L’AFP rapportait le 7 mars 2012 que la Presse syrienne – d’une grande discrétion sur ce sujet, marchandages oblige ? - mentionnait la découverte de cadavres d’étrangers dont un Européen, dans les décombres des quartiers disputés à Homs. Nouvelle qui n’a rien de très surprenant pour les lecteurs d’un hebdomadaire satirique. Souvent informé à bonne source Le Canard enchaîné [29 février 2012] a en effet rapporté qu’en marge de la « Conférence des amis de la Syrie » qui a réuni à Tunis le 24 février les représentants d’une soixantaine de pays parmi lesquels le Secrétaire d’État américain, Mme Hillary et M. Juppé, ci-devant ministre des Affaires étrangères français… Ceux-ci, en marge de la Conférence, se seraient concertés avec des responsables des Services spéciaux du Qatar, de Turquie, d’Arabie Saoudite en vue de « monter un coup d’État » en Syrie sur le modèle libyen… notamment en approvisionnant via le Qatar, les insurgés en armes et munitions, en les faisant conseiller par des experts en guérilla urbaine.

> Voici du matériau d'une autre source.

lemma Tabs_bounds:
  assumes q: "(q::real) \<ge> 3" and h: "h \<le> i" "i \<le> h + j" "h + j \<le> d" and n: "2 * d \<le> n"
  shows "q powr gexp n d h i j \<le> Tabs q n d h i j"
    and "h = i \<or> h + j = d \<Longrightarrow> Tabs q n d h i j < 4 * q powr gexp n d h i j"
proof -
  have q1: "q > 1" using q by simp
  define E B1 B2 B3 P1 P2 P3
    where "E = q ^ (j * (j + h - i) + ((i - h) choose 2))"
      and "B1 = gbinom q i (int h)" and "B2 = gbinom q (d - h) (int j)"
      and "B3 = gbinom q (n - d - i + h) (int (n - d - j))"
      and "P1 = q ^ (h * (i - h))" and "P2 = q ^ (j * (d - h - j))"
      and "P3 = q ^ ((n - d - j) * (j + h - i))"
  have T: "Tabs q n d h i j = E * B1 * B2 * B3" by (simp add: Tabs_def E_def B1_def B2_def B3_def)
  have G: "q powr gexp n d h i j = E * P1 * P2 * P3"
    using powr_gexp_eq[of q h i j d n] q h n by (simp add: E_def P1_def P2_def P3_def)
  have dims: "j \<le> d - h" "n - d - j \<le> n - d - i + h" "n - d - i + h - (n - d - j) = j + h - i"
    using h n by auto
  have lower: "P1 \<le> B1" "P2 \<le> B2" "P3 \<le> B3"
    using gbinom_ge_power[OF q1 h(1)] gbinom_ge_power[OF q1 dims(1)]
      gbinom_ge_power[OF q1 dims(2), unfolded dims(3)]
    by (simp_all add: B1_def B2_def B3_def P1_def P2_def P3_def diff_commute)
  have upper: "B1 < 2 * P1" "B2 < 2 * P2" "B3 < 2 * P3"
    using gbinom_less_twice_power[OF q h(1)] gbinom_less_twice_power[OF q dims(1)]
      gbinom_less_twice_power[OF q dims(2), unfolded dims(3)]
    by (simp_all add: B1_def B2_def B3_def P1_def P2_def P3_def diff_commute)
  have pos: "0 < E" "0 < P1" "0 < P2" "0 < P3" using q by (simp_all add: E_def P1_def P2_def P3_def)
  show "q powr gexp n d h i j \<le> Tabs q n d h i j"
    unfolding T G using lower pos by (intro mult_mono) auto
  assume "h = i \<or> h + j = d"
  then show "Tabs q n d h i j < 4 * q powr gexp n d h i j"
  proof
    assume "h = i"
    then have "B1 = 1" "P1 = 1" using gbinom_self[OF q1] by (simp_all add: B1_def P1_def)
    moreover have "B2 * B3 < (2 * P2) * (2 * P3)"
      using upper lower pos by (intro mult_strict_mono) auto
    ultimately show ?thesis unfolding T G using pos by (simp add: mult.assoc)
  next
    assume "h + j = d"
    then have "d - h = j" by simp
    then have "B2 = 1" "P2 = 1" using gbinom_self[OF q1] by (simp_all add: B2_def P2_def)
    moreover have "B1 * B3 < (2 * P1) * (2 * P3)"
      using upper lower pos by (intro mult_strict_mono) auto
    ultimately show ?thesis unfolding T G using pos by (simp add: mult.assoc mult.left_commute)
  qed
qed

lemma Tabs_exponent_Suc:
  assumes "Suc p \<le> i" "i \<le> p + j"
  shows "j * (j + p - i) + ((i - p) choose 2) + j
    = j * (j + Suc p - i) + ((i - Suc p) choose 2) + (i - p - 1)"
proof -
  define a where "a = i - Suc p"
  have a: "i - p = Suc a" "i - Suc p = a" "i - p - 1 = a" using assms by (auto simp: a_def)
  have "j + Suc p - i = Suc (j + p - i)" using assms by auto
  then show ?thesis unfolding a by (simp add: numeral_2_eq_2)
qed

lemma Tabs_Suc_ratio:
  assumes q: "(q::real) > 1" and p: "Suc p \<le> i" "i \<le> p + j" "Suc p + j \<le> d" and n: "2 * d \<le> n"
  shows "Tabs q n d p i j
      * ((q ^ (i - p) - 1) * (q ^ (d - p - j) - 1) * (q ^ (n - d - i + p + 1) - 1) * q ^ j)
    = Tabs q n d (Suc p) i j
      * (q ^ (i - p - 1) * (q ^ Suc p - 1) * (q ^ (d - p) - 1) * (q ^ (j + p + 1 - i) - 1))"
proof -
  have r1: "gbinom q i (int p) * (q ^ (i - p) - 1) = gbinom q i (int (Suc p)) * (q ^ Suc p - 1)"
    using gbinom_Suc_lower[of p i q] pow_minus_one_pos[OF q, of "Suc p"] p by simp
  have r2: "gbinom q (d - p) (int j) * (q ^ (d - p - j) - 1)
      = gbinom q (d - Suc p) (int j) * (q ^ (d - p) - 1)"
  proof -
    have e: "d - p = Suc (d - Suc p)" "j \<le> d - Suc p" using p by auto
    show ?thesis unfolding e(1) using gbinom_Suc_upper_mult[OF q e(2)] .
  qed
  have r3: "gbinom q (n - d - i + p) (int (n - d - j)) * (q ^ (n - d - i + p + 1) - 1)
      = gbinom q (n - d - i + Suc p) (int (n - d - j)) * (q ^ (j + p + 1 - i) - 1)"
  proof -
    have e: "n - d - i + Suc p = Suc (n - d - i + p)" "n - d - i + p + 1 = Suc (n - d - i + p)"
      "Suc (n - d - i + p) - (n - d - j) = j + p + 1 - i" "n - d - j \<le> n - d - i + p"
      using p n by auto
    show ?thesis unfolding e(1,2) using gbinom_Suc_upper_mult[OF q e(4)] unfolding e(3) by (rule sym)
  qed
  have r0: "q ^ (j * (j + p - i) + ((i - p) choose 2)) * q ^ j
      = q ^ (j * (j + Suc p - i) + ((i - Suc p) choose 2)) * q ^ (i - p - 1)"
    using Tabs_exponent_Suc[OF p(1,2)] by (simp flip: power_add)
  have "Tabs q n d p i j
      * ((q ^ (i - p) - 1) * (q ^ (d - p - j) - 1) * (q ^ (n - d - i + p + 1) - 1) * q ^ j)
    = (q ^ (j * (j + p - i) + ((i - p) choose 2)) * q ^ j)
      * (gbinom q i (int p) * (q ^ (i - p) - 1)) * (gbinom q (d - p) (int j) * (q ^ (d - p - j) - 1))
      * (gbinom q (n - d - i + p) (int (n - d - j)) * (q ^ (n - d - i + p + 1) - 1))"
    unfolding Tabs_def by (simp only: mult_ac)
  also have "\<dots> = Tabs q n d (Suc p) i j
      * (q ^ (i - p - 1) * (q ^ Suc p - 1) * (q ^ (d - p) - 1) * (q ^ (j + p + 1 - i) - 1))"
    unfolding r0 r1 r2 r3 Tabs_def by (simp only: mult_ac)
  finally show ?thesis .
qed

lemma le_mult_of_mult_eq:
  fixes x y a b c :: real
  assumes "x * a = y * b" "b \<le> c * a" "0 < a" "0 \<le> y"
  shows "x \<le> c * y"
proof -
  have "x * a \<le> (c * y) * a"
    using mult_left_mono[OF assms(2,4)] assms(1) by (simp add: mult_ac)
  then show ?thesis using assms(3) by simp
qed

lemma pow_minus_one_ge:
  assumes "(q::real) \<ge> 3" "1 \<le> a"
  shows "2/3 * q ^ a \<le> q ^ a - 1"
proof -
  have "q ^ 1 \<le> q ^ a" using assms by (intro power_increasing) auto
  then show ?thesis using assms by simp
qed

lemma prod_pow_minus_one_ge:
  assumes "(q::real) \<ge> 3" "1 \<le> a" "1 \<le> b" "1 \<le> c"
  shows "8/27 * q ^ (a + b + c) \<le> (q ^ a - 1) * (q ^ b - 1) * (q ^ c - 1)"
proof -
  have "(2/3 * q ^ a) * (2/3 * q ^ b) * (2/3 * q ^ c) \<le> (q ^ a - 1) * (q ^ b - 1) * (q ^ c - 1)"
    using pow_minus_one_ge[OF assms(1)] assms by (intro mult_mono) auto
  then show ?thesis by (simp add: power_add algebra_simps)
qed

lemma prod_pow_minus_one_le:
  assumes "(q::real) \<ge> 1"
  shows "(q ^ a - 1) * (q ^ b - 1) * (q ^ c - 1) \<le> q ^ (a + b + c)"
proof -
  have "(q ^ a - 1) * (q ^ b - 1) * (q ^ c - 1) \<le> q ^ a * q ^ b * q ^ c"
    using assms by (intro mult_mono) auto
  then show ?thesis by (simp add: power_add)
qed

lemma pow_add_minus_one_le:
  assumes "(q::real) \<ge> 3" "1 \<le> u"
  shows "q ^ (u + k) - 1 \<le> 3/2 * q ^ k * (q ^ u - 1)"
proof -
  have "q ^ k * 2/3 * q ^ u \<le> q ^ k * (q ^ u - 1)"
    using pow_minus_one_ge[OF assms] assms(1) by simp
  moreover have "1 \<le> q ^ k" using assms(1) by simp
  ultimately show ?thesis by (simp add: power_add algebra_simps)
qed

text \<open>The ratio of consecutive summands in the case n = 2d, p + 1 + j = d, with
  u = i - p, k = d - i and m = p + 1.\<close>

lemma boundary_ratio_ineq:
  fixes q :: real
  assumes q: "q \<ge> 3" and u: "1 \<le> u" and k: "1 \<le> k"
  shows "q ^ (u - 1) * (q ^ m - 1) * (q ^ (u + k) - 1) * (q ^ k - 1)
    \<le> 3/4 * ((q ^ u - 1) * (q - 1) * (q ^ (m + k) - 1) * q ^ (u + k - 1))"
proof -
  define X where "X = (q ^ u - 1) * (q - 1) * (q ^ (m + k) - 1)"
  have pows: "q ^ (u - 1) * q ^ k = q ^ (u + k - 1)" "q ^ (k - 1) * q = q ^ k"
    using u k by (simp_all flip: power_add power_Suc2)
  have i1: "(q ^ m - 1) * q ^ k \<le> q ^ (m + k) - 1"
    using q by (simp add: power_add algebra_simps)
  have i2: "q ^ (u + k) - 1 \<le> 3/2 * q ^ k * (q ^ u - 1)"
    using pow_add_minus_one_le[OF q u] .
  have i3: "q ^ k - 1 \<le> 3/2 * q ^ (k - 1) * (q - 1)"
    using pow_add_minus_one_le[OF q order_refl, of "k - 1"] k by simp
  have nonneg: "0 \<le> q ^ a - 1" for a using q by simp
  have "q ^ k * (q ^ (u - 1) * (q ^ m - 1) * (q ^ (u + k) - 1) * (q ^ k - 1))
      = q ^ (u - 1) * ((q ^ m - 1) * q ^ k) * (q ^ (u + k) - 1) * (q ^ k - 1)"
    by (simp add: mult_ac)
  also have "\<dots> \<le> q ^ (u - 1) * (q ^ (m + k) - 1) * (3/2 * q ^ k * (q ^ u - 1))
      * (3/2 * q ^ (k - 1) * (q - 1))"
    using i1 i2 i3 nonneg q by (intro mult_mono mult_left_mono) auto
  also have "\<dots> = 3/4 * X * q ^ (u + k - 1) * (3 * q ^ (k - 1))"
  proof -
    have "\<And>a b c M U W :: real.
        a * M * (3/2 * b * U) * (3/2 * c * W) = 3/4 * (U * W * M) * (a * b) * (3 * c)"
      by (simp add: algebra_simps)
    then show ?thesis unfolding X_def pows(1)[symmetric] .
  qed
  also have "\<dots> \<le> 3/4 * X * q ^ (u + k - 1) * q ^ k"
    using q nonneg[of u] nonneg[of 1] nonneg[of "m + k"] unfolding pows(2)[symmetric] X_def
    by (intro mult_left_mono) auto
  finally have "q ^ k * (q ^ (u - 1) * (q ^ m - 1) * (q ^ (u + k) - 1) * (q ^ k - 1))
      \<le> q ^ k * (3/4 * (X * q ^ (u + k - 1)))"
    by (simp only: mult_ac)
  then show ?thesis using q unfolding X_def by (simp only: mult_le_cancel_left_pos zero_less_power)
qed
lemma penalized_superlevel_bounds:
  fixes U :: "real^'m::finite \<Rightarrow> real \<Rightarrow> real \<Rightarrow> 'b::real_normed_vector"
  assumes "\<delta> > 0" "t > 0" "0 < \<mu>" "\<mu> \<le> penalized \<delta> U x y t" "norm (U x y t) \<le> B"
  shows "inner x x + y\<^sup>2 < B\<^sup>2 / \<delta>" "(B\<^sup>2 / \<delta>) powr -4 < barrier_base y t"
proof -
  have "(norm (U x y t))\<^sup>2 \<le> B\<^sup>2"
    using assms(5) norm_ge_zero power_mono by blast
  with assms(3,4) have "\<delta> * penalty x y t < B\<^sup>2"
    unfolding penalized_def by simp
  then have "penalty x y t < B\<^sup>2 / \<delta>"
    using assms(1) by (simp add: field_simps)
  from penalty_lessD[OF assms(2) this] show "inner x x + y\<^sup>2 < B\<^sup>2 / \<delta>" "(B\<^sup>2 / \<delta>) powr -4 < barrier_base y t"
    by auto
qed

lemma penalized_superlevel_away_from_boundary:
  fixes U :: "real^'m::finite \<Rightarrow> real \<Rightarrow> real \<Rightarrow> 'b::real_normed_vector"
  assumes "\<delta> > 0" "t > 0" "0 < \<mu>" "\<mu> \<le> penalized \<delta> U x y t" "norm (U x y t) \<le> B" "y \<ge> 0"
    and small: "12 * t < (B\<^sup>2 / \<delta>) powr -4"
  shows "sqrt ((B\<^sup>2 / \<delta>) powr -4 / 2) < y"
proof -
  have "(B\<^sup>2 / \<delta>) powr -4 < 6 * t + y\<^sup>2"
    using penalized_superlevel_bounds(2)[OF assms(1-5)] by (simp add: barrier_base_def)
  with small have "(B\<^sup>2 / \<delta>) powr -4 / 2 < y\<^sup>2"
    by simp
  then show ?thesis
    by (rule real_less_lsqrt[OF \<open>y \<ge> 0\<close>])
qed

Or la presse confirme depuis huit jours ce dont la Toile bruisse depuis trois semaines, à savoir l’arrestation d’officiers français en Syrie… dix-neuf dit-on ! Si cette nouvelle, reprise à Londres et à Moscou et en Turquie, se confirmait, cela signifierait que l’Occident, sans le dire est bel et bien en guerre avec l’Axe du Mal associant Téhéran, Damas et Beyrouth où le Hezbollah chiite donne la scène politique… et, par voie de conséquence, en guerre avec ceux qui les soutiennent indéfectiblement, en un mot, Moscou et Pékin ! Tout un programme.